Livestock need access to adequate volumes of clean water every day to grow and thrive. However, unrestricted livestock access to surface waters could impair surface water quality for livestock, aquatic organisms, and downstream users.1 This publication provides helpful information for livestock producers, consultants, and downstream stakeholders related to livestock pond design, water quality issues in livestock ponds, and management of upland drainage areas to protect water quality in livestock ponds.
Construction of farm ponds for watering livestock became more prevalent in the 1930s due to programs created by the Soil Conservation Service (now known as the Natural Resources Conservation Service or NRCS). The move toward pond construction came on the heels of the soil survey results from which Hugh Hammond Bennett declared that soil erosion was a “national menace.”2 Establishing more pastureland in exchange for badly eroded cropland was one solution to reducing the erosion crisis.

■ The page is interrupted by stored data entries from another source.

(* Fix $e\in\mathbb Z_{>0}$ and let $\mathsf Y_e(t)=\sum_{k\geqslant 0}y^{k+1}_{k+2+e}t^k\in\mathbb Z[[t]]$. Then \[ \mathsf Y_e(t)=\frac{\mathsf y_e(t)}{(1-t)^{2e+1}},\qquad \mathsf y_e(t)=\sum_{h=0}^{2e-1}\gamma^{(e)}_h t^h\in\mathbb Z[t], \] where for $0\leqslant h\leqslant 2e-1$ \[ \gamma^{(e)}_h=\sum_{j=0}^{h}(-1)^{h+j}\binom{2e+1}{h-j}y^{j+1}_{j+e+2}. \] In particular $\mathsf Y_e(t)$ is a rational function and $\mathsf y_e$ has degree at most $2e-1$.
   Context: Let $\mathbb N=\mathbb Z_{\geqslant 0}$ with the componentwise partial order on $\mathbb N^n$. For integers $n,d\geqslant 0$, an $(n-1)$-dimensional partition of size $d$ is a subset $\lambda\subset\mathbb N^n$ with $|\lambda|=d$ such that $\mathbf a\in\lambda$ and $\mathbf y\leqslant\mathbf a$ imply $\mathbf y\in\lambda$; $\mathrm P^n_d$ is the set of these. The embedding dimension $h_\lambda(1)$ is the number of elements of $\lambda$ whose coordinates sum to $1$. Define $y^k_d=|\{\lambda\in\mathrm P^k_d: h_\lambda(1)=k\}|$. *)

theory Defs
  imports "HOL-Computational_Algebra.Computational_Algebra"
begin

definition partitions :: "nat \<Rightarrow> nat \<Rightarrow> nat list set set" where
  "partitions n d = {L. L \<subseteq> {a. length a = n} \<and> card L = d \<and> finite L \<and>
      (\<forall>a\<in>L. \<forall>y. length y = n \<and> list_all2 (\<le>) y a \<longrightarrow> y \<in> L)}"

definition emb_dim :: "nat list set \<Rightarrow> nat" where
  "emb_dim L = card {a\<in>L. sum_list a = 1}"

definition ycount :: "nat \<Rightarrow> nat \<Rightarrow> nat" where
  "ycount k d = card {L\<in>partitions k d. emb_dim L = k}"

definition Yser :: "nat \<Rightarrow> int fps" where
  "Yser e = Abs_fps (\<lambda>k. int (ycount (k+1) (k+2+e)))"

definition gamma :: "nat \<Rightarrow> nat \<Rightarrow> int" where
  "gamma e h = (\<Sum>j=0..h. (-1)^(h+j) * int ((2*e+1) choose (h-j)) * int (ycount (j+1) (j+e+2)))"

definition ypoly :: "nat \<Rightarrow> int poly" where
  "ypoly e = (\<Sum>h=0..2*e-1. monom (gamma e h) h)"

end

theory Submission
  imports Defs
begin

text \<open>
  A partition in P^n of size n + 1 + e with embedding dimension n contains the n + 1 points
  of degree at most 1; its remaining e points form a set M of exponent vectors of degree at
  least 2 that is closed under going down as long as the degree stays at least 2. Every
  variable occurring in M occurs in one of the at most e elements of M of degree 2, so M
  involves u \<le> 2e variables, and the number c_u of such M involving a given set of u
  variables depends only on u. Hence y^n_(n+1+e) = \<Sum>_(u=1..2e) C(n,u) c_u, and since
  \<Sum>_j C(j+1,u) t^j = t^(u-1) / (1-t)^(u+1), the series (1-t)^(2e+1) Y_e equals
  \<Sum>_u c_u t^(u-1) (1-t)^(2e-u), a polynomial of degree at most 2e - 1.
\<close>

text \<open>
  Exponent vectors are finitely supported functions \<open>nat \<Rightarrow> nat\<close> rather than lists, so
  that the variables can be renamed by an arbitrary permutation of \<open>nat\<close>.
\<close>

definition mon_degree :: "(nat \<Rightarrow> nat) \<Rightarrow> nat" where
  "mon_degree f = sum f {i. f i \<noteq> 0}"
(* Let $K$ be a flat virtual knot diagram (one component) whose oriented chord diagram does not admit a filamentation. Then $K$ is not flat equivalent to the trivial flat diagram (an embedded circle with no crossings).
   Context: A flat virtual knot diagram is a generic immersion of an oriented circle in the plane in which each double point is labelled either real (flat, no over/under information) or virtual. Two such diagrams are flat equivalent if they are related by planar isotopy and finitely many flat Reidemeister moves: Reidemeister moves I, II, III with all crossings real and over/under information ignored, the same three moves with all crossings virtual, and the mixed move in which a strand containing two consecutive virtual crossings passes across a real crossing. The oriented chord diagram (OCD) of a flat virtual knot diagram $K$: take a circle $C$, oriented counterclockwise, parametrizing $K$; for each real crossing draw a chord joining the two preimages of that crossing (virtual crossings give no chords). Label each chord endpoint $+$ or $-$: viewing the strand through that endpoint in the direction of its orientation, if the other strand of the crossing passes from right to left label it $+$, otherwise $-$. Each chord $x$ has endpoints $X^+$ and $X^-$. Filamentations. Let ${\mathcal D}$ be an OCD on the circle $C=\partial\Delta$, $\Delta$ a disk. A pairing is a partition of the set of chords into unordered pairs $\{x,y\}$ with $x\neq y$ and self-pairs $(x,x)$. A choice of filaments assigns to each self-pair $(x,x)$ one curve (monofilament) from $X^-$ to $X^+$, and to each pair $(x,y)$ with $x\ne y$ two curves (bifilaments), one from $Y^-$ to $X^+$ and one from $X^-$ to $Y^+$. Each filament is a generically immersed arc in $\Delta$ with the indicated endpoints on $C$ and interior in the interior of $\Delta$, oriented from its $-$ endpoint to its $+$ endpoint; all filaments are in general position. For distinct filaments $\alpha,\gamma$, $\alpha\cdot\gamma$ is the sum over points of $\alpha\cap\gamma$ of $+1$ if, looking along $\alpha$, $\gamma$ passes from right to left, and $-1$ otherwise. For a pair $P$ with set of filaments $F(P)$, $I(P)=\sum_{\beta\in F(P)}\sum_{\gamma\notin F(P)}\beta\cdot\gamma$. A filamentation on ${\mathcal D}$ is a pairing with a choice of filaments such that $I(P)=0$ for every pair $P$; ${\mathcal D}$ admits a filamentation if one exists. *)

theory Defs
  imports "HOL-Analysis.Analysis"
begin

Increased acreage of pastureland led to a need for accessible water for grazing livestock.3 Today, increased awareness of the importance of water quality protection has led researchers to study how pond design and upland management influence water quality for those who use the pond (e.g., livestock) or are downstream recipients of water from the pond.
The design of a pond for watering livestock depends on the water source.4,5 Embankment ponds are formed by building a dam to collect surface water and stormwater runoff in a watershed. Excavated ponds are dug to capture groundwater and stormwater runoff, especially in areas with a high water table or where the presence of seeps or springs provides a consistent source of water.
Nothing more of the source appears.